Через шесть недель, в течение которых я предавался самым смелым ожиданиям, пьесу вернули, а в приложенном к ней письме говорилось, что ввиду полнейшей безграмотности автора, дирекция просит его впредь таковых пьес не присылать.

Случилось это как раз в конце театрального сезона в мае 1822 года. Почти одновременно с этим письмом я получил от дирекции и другое; из него я узнал, что меня «уволили» из хоровой и балетной школ, так как дальнейшее пребывание мое в них было признано бесполезным. В письме, впрочем, было выражено пожелание, чтобы доброжелатели мои поддержали меня и помогли мне приобрести необходимые воспитание и образование, без которых никакому таланту развиться невозможно.

Я снова почувствовал себя выброшенным за борт, лишенным всякой помощи, поддержки. Во что бы то ни стало я должен написать пьесу для театра, ее обязаны принять — это было для меня единственной надеждой и спасением. И я написал трагедию «Солнце эльфов», заимствовав сюжет из рассказа Самсё. Сам я был в восторге от первых действий и, недолго думая, отправился показать их совершенно незнакомому мне тогда переводчику Шекспира, ныне покойному адмиралу Петеру Вульфу, в доме и семье которого я впоследствии стал своим человеком. Много лет спустя он весьма забавно описывал мне наше первое знакомство, хотя, как мне кажется, кое-что слегка преувеличил. Он рассказывал, что я будто бы как только вошел к нему в кабинет, так сразу и воскликнул: «Вы перевели Шекспира, я его ужасно люблю и сам написал трагедию — вот послушайте!» Вульф предложил мне сперва позавтракать с ним, но я отказался, единым духом прочел ему свое сочинение и затем сказал: «Ну, как вы считаете, выйдет из меня что-нибудь?
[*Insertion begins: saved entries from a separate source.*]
text \<open>theta collapses the i-th triple {c_(i-1) v d_pi(i), c_i v d_(pi(i)-1), c_i v d_pi(i)}.\<close>
definition collapses_triple :: "(nat \<Rightarrow> nat) \<Rightarrow> nat \<Rightarrow> ((nat \<times> nat) \<times> (nat \<times> nat)) set \<Rightarrow> bool" where
  "collapses_triple \<pi> i \<theta> \<longleftrightarrow>
     ((i - 1, \<pi> i), (i, \<pi> i)) \<in> \<theta> \<and> ((i, \<pi> i - 1), (i, \<pi> i)) \<in> \<theta>"

text \<open>beta_pi: the join (in the lattice of join-congruences) of the smallest join-congruences
  collapsing the triples, i.e. the smallest join-congruence collapsing all of them.\<close>
definition beta :: "nat \<Rightarrow> (nat \<Rightarrow> nat) \<Rightarrow> ((nat \<times> nat) \<times> (nat \<times> nat)) set" where
  "beta n \<pi> = \<Inter> {\<theta>. join_cong n \<theta> \<and> (\<forall>i\<in>{1..n}. collapses_triple \<pi> i \<theta>)}"

text \<open>Quotient join-semilattice G/theta and its order: A \<le> B iff A \<or> B = B.\<close>
definition quot :: "nat \<Rightarrow> ((nat \<times> nat) \<times> (nat \<times> nat)) set \<Rightarrow> (nat \<times> nat) set set" where
  "quot n \<theta> = grid n // \<theta>"

definition quot_le :: "((nat \<times> nat) \<times> (nat \<times> nat)) set \<Rightarrow> (nat \<times> nat) set \<Rightarrow> (nat \<times> nat) set \<Rightarrow> bool" where
  "quot_le \<theta> A B \<longleftrightarrow> (\<exists>x\<in>A. \<exists>y\<in>B. (gjoin x y, y) \<in> \<theta>)"

definition is_lub :: "'a set \<Rightarrow> ('a \<Rightarrow> 'a \<Rightarrow> bool) \<Rightarrow> 'a \<Rightarrow> 'a \<Rightarrow> 'a \<Rightarrow> bool" where
  "is_lub S le a b z \<longleftrightarrow> z \<in> S \<and> le a z \<and> le b z \<and> (\<forall>w\<in>S. le a w \<longrightarrow> le b w \<longrightarrow> le z w)"

definition is_glb :: "'a set \<Rightarrow> ('a \<Rightarrow> 'a \<Rightarrow> bool) \<Rightarrow> 'a \<Rightarrow> 'a \<Rightarrow> 'a \<Rightarrow> bool" where
  "is_glb S le a b z \<longleftrightarrow> z \<in> S \<and> le z a \<and> le z b \<and> (\<forall>w\<in>S. le w a \<longrightarrow> le w b \<longrightarrow> le w z)"

definition is_lattice :: "'a set \<Rightarrow> ('a \<Rightarrow> 'a \<Rightarrow> bool) \<Rightarrow> bool" where
  "is_lattice S le \<longleftrightarrow>
     (\<forall>a\<in>S. le a a) \<and>
     (\<forall>a\<in>S. \<forall>b\<in>S. le a b \<longrightarrow> le b a \<longrightarrow> a = b) \<and>
     (\<forall>a\<in>S. \<forall>b\<in>S. \<forall>c\<in>S. le a b \<longrightarrow> le b c \<longrightarrow> le a c) \<and>
     (\<forall>a\<in>S. \<forall>b\<in>S. (\<exists>z. is_lub S le a b z) \<and> (\<exists>z. is_glb S le a b z))"

definition covers :: "'a set \<Rightarrow> ('a \<Rightarrow> 'a \<Rightarrow> bool) \<Rightarrow> 'a \<Rightarrow> 'a \<Rightarrow> bool" where
  "covers S le a b \<longleftrightarrow> a \<in> S \<and> b \<in> S \<and> le a b \<and> a \<noteq> b \<and>
     \<not> (\<exists>c\<in>S. le a c \<and> le c b \<and> c \<noteq> a \<and> c \<noteq> b)"

definition semimodular :: "'a set \<Rightarrow> ('a \<Rightarrow> 'a \<Rightarrow> bool) \<Rightarrow> bool" where
  "semimodular S le \<longleftrightarrow>
     (\<forall>a b c u v. covers S le a b \<longrightarrow> c \<in> S \<longrightarrow> is_lub S le a c u \<longrightarrow> is_lub S le b c v \<longrightarrow>
        u = v \<or> covers S le u v)"

text \<open>Join-irreducible elements, including 0 (x = y \<or> z implies x = y or x = z).\<close>
definition join_irreducibles :: "'a set \<Rightarrow> ('a \<Rightarrow> 'a \<Rightarrow> bool) \<Rightarrow> 'a set" where
  "join_irreducibles S le = {x\<in>S. \<forall>y\<in>S. \<forall>z\<in>S. is_lub S le y z x \<longrightarrow> x = y \<or> x = z}"

definition slim :: "'a set \<Rightarrow> ('a \<Rightarrow> 'a \<Rightarrow> bool) \<Rightarrow> bool" where
  "slim S le \<longleftrightarrow> \<not> (\<exists>a\<in>join_irreducibles S le. \<exists>b\<in>join_irreducibles S le.
       \<exists>c\<in>join_irreducibles S le.
       a \<noteq> b \<and> a \<noteq> c \<and> b \<noteq> c \<and>
       \<not> le a b \<and> \<not> le b a \<and> \<not> le a c \<and> \<not> le c a \<and> \<not> le b c \<and> \<not> le c b)"

definition is_chain_in :: "'a set \<Rightarrow> ('a \<Rightarrow> 'a \<Rightarrow> bool) \<Rightarrow> 'a set \<Rightarrow> bool" where
  "is_chain_in S le C \<longleftrightarrow> C \<subseteq> S \<and> (\<forall>a\<in>C. \<forall>b\<in>C. le a b \<or> le b a)"

definition lattice_length :: "'a set \<Rightarrow> ('a \<Rightarrow> 'a \<Rightarrow> bool) \<Rightarrow> nat" where
  "lattice_length S le = Max {card C - 1 | C. is_chain_in S le C}"

end

theory Submission
  imports Defs
begin

text \<open>The map \<open>(a, b) \<mapsto> {k \<in> {1..n}. k \<le> a \<or> \<pi> k \<le> b}\<close> turns joins of \<open>G\<close> into unions,
  and its kernel is \<open>\<beta>\<^sub>\<pi>\<close>. It collapses the triples; conversely, moving a point right or up
  along pairs that every triple-collapsing join-congruence collapses ends in a saturated point,
  which is the componentwise largest point with the same image. So \<open>G/\<beta>\<^sub>\<pi>\<close> is isomorphic to
  the union-closed family of these index sets ordered by inclusion. There a cover adds exactly
  one index (semimodularity); every set is the union of a column set \<open>{1..a}\<close> and a row set, so
  the join-irreducibles lie in two chains (slimness); and the column sets form a chain of length
  \<open>n\<close> in \<open>Pow {1..n}\<close>.\<close>

section \<open>Transfer along order isomorphisms\<close>

lemma semimodular_iff_bounded:
  "semimodular S le \<longleftrightarrow>
     (\<forall>a\<in>S. \<forall>b\<in>S. \<forall>c\<in>S. \<forall>u\<in>S. \<forall>v\<in>S. covers S le a b \<longrightarrow> is_lub S le a c u \<longrightarrow>
        is_lub S le b c v \<longrightarrow> u = v \<or> covers S le u v)"
  unfolding semimodular_def covers_def is_lub_def by blast

lemma ex_is_lub_iff_Bex: "(\<exists>z. is_lub S le a b z) \<longleftrightarrow> (\<exists>z\<in>S. is_lub S le a b z)"
  by (auto simp: is_lub_def)

lemma ex_is_glb_iff_Bex: "(\<exists>z. is_glb S le a b z) \<longleftrightarrow> (\<exists>z\<in>S. is_glb S le a b z)"
  by (auto simp: is_glb_def)

locale order_iso =
  fixes S :: "'a set" and le :: "'a \<Rightarrow> 'a \<Rightarrow> bool"
    and T :: "'b set" and le' :: "'b \<Rightarrow> 'b \<Rightarrow> bool"
    and f :: "'a \<Rightarrow> 'b"
  assumes bij: "bij_betw f S T"
    and le'_iff: "a \<in> S \<Longrightarrow> b \<in> S \<Longrightarrow> le' (f a) (f b) \<longleftrightarrow> le a b"
begin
Мне бы так этого хотелось!» Затем я сунул рукопись в карман и, по словам Вульфа, на его приглашение снова зайти к нему ответил: «Как только напишу новую трагедию!» — «Ну, значит, это будет нескоро!» — сказал он. «Почему же, — возразил я, — недельки через две, я думаю, все будет готово!» И с этими словами вышел.

Рассказ, разумеется, несколько утрирован, но все-таки достаточно точно характеризует мою тогдашнюю натуру. К Х.К. Эрстеду я точно так же явился без всякой рекомендации, и, право, я вижу перст Божий в том, что я постоянно обращался к лучшим из лучших, хотя сам в то время даже не мог подозревать об истинном значении этих личностей. Эрстед с первой же минуты нашего знакомства и вплоть до самой своей смерти проявлял ко мне живое участие, которое впоследствии переросло в истинную дружбу. На мое духовное развитие он оказал большое влияние и был единственным, кто по мере восхождения моей карьеры писателя всегда поддерживал и приободрял меня, предсказывая, что когда-нибудь я добьюсь истинного признания, в том числе и на родине. Дом его скоро стал для меня родным; я играл с его детьми, они выросли у меня на глазах и навсегда сохранили ко мне добрые чувства. Здесь же мне посчастливилось обрести самых первых и самых преданных своих друзей. Такое же доброе участие принимал во мне пробст Гутфельдт — замечательный оратор, находившийся в то время еще в добром здравии. Он в числе немногих возлагал тогда на меня самые светлые надежды. Познакомившись с моей юношеской трагедией «Солнце эльфов», он вернул мне ее, снабдив рекомендательным письмом к театральной дирекции. Надежды сменялись во мне опасениями. «Если забракуют и это, то даже не знаю, что и предпринять!» — думал я.

В течение лета мне пришлось терпеть жесточайшую нужду, но я молчал о ней, в противном случае среди множества моих знакомых тогда нашлись бы, верно, люди, которые бы облегчили мое положение. Какой-то ложный стыд удерживал меня откровенно признаться в своих материальных затруднениях. Стоило кому-нибудь ласково заговорить со мною, и лицо мое сияло радостью. Тем летом, впрочем, произошло и одно безусловно счастливое для меня событие — я впервые познакомился с романами Вальтера Скотта. Они открыли для меня новый мир — истинный мир души. За чтением их я забывал окружавшую меня горькую действительность и все свои деньги, отложенные на обед, тратил на то, чтобы брать книги в библиотеке.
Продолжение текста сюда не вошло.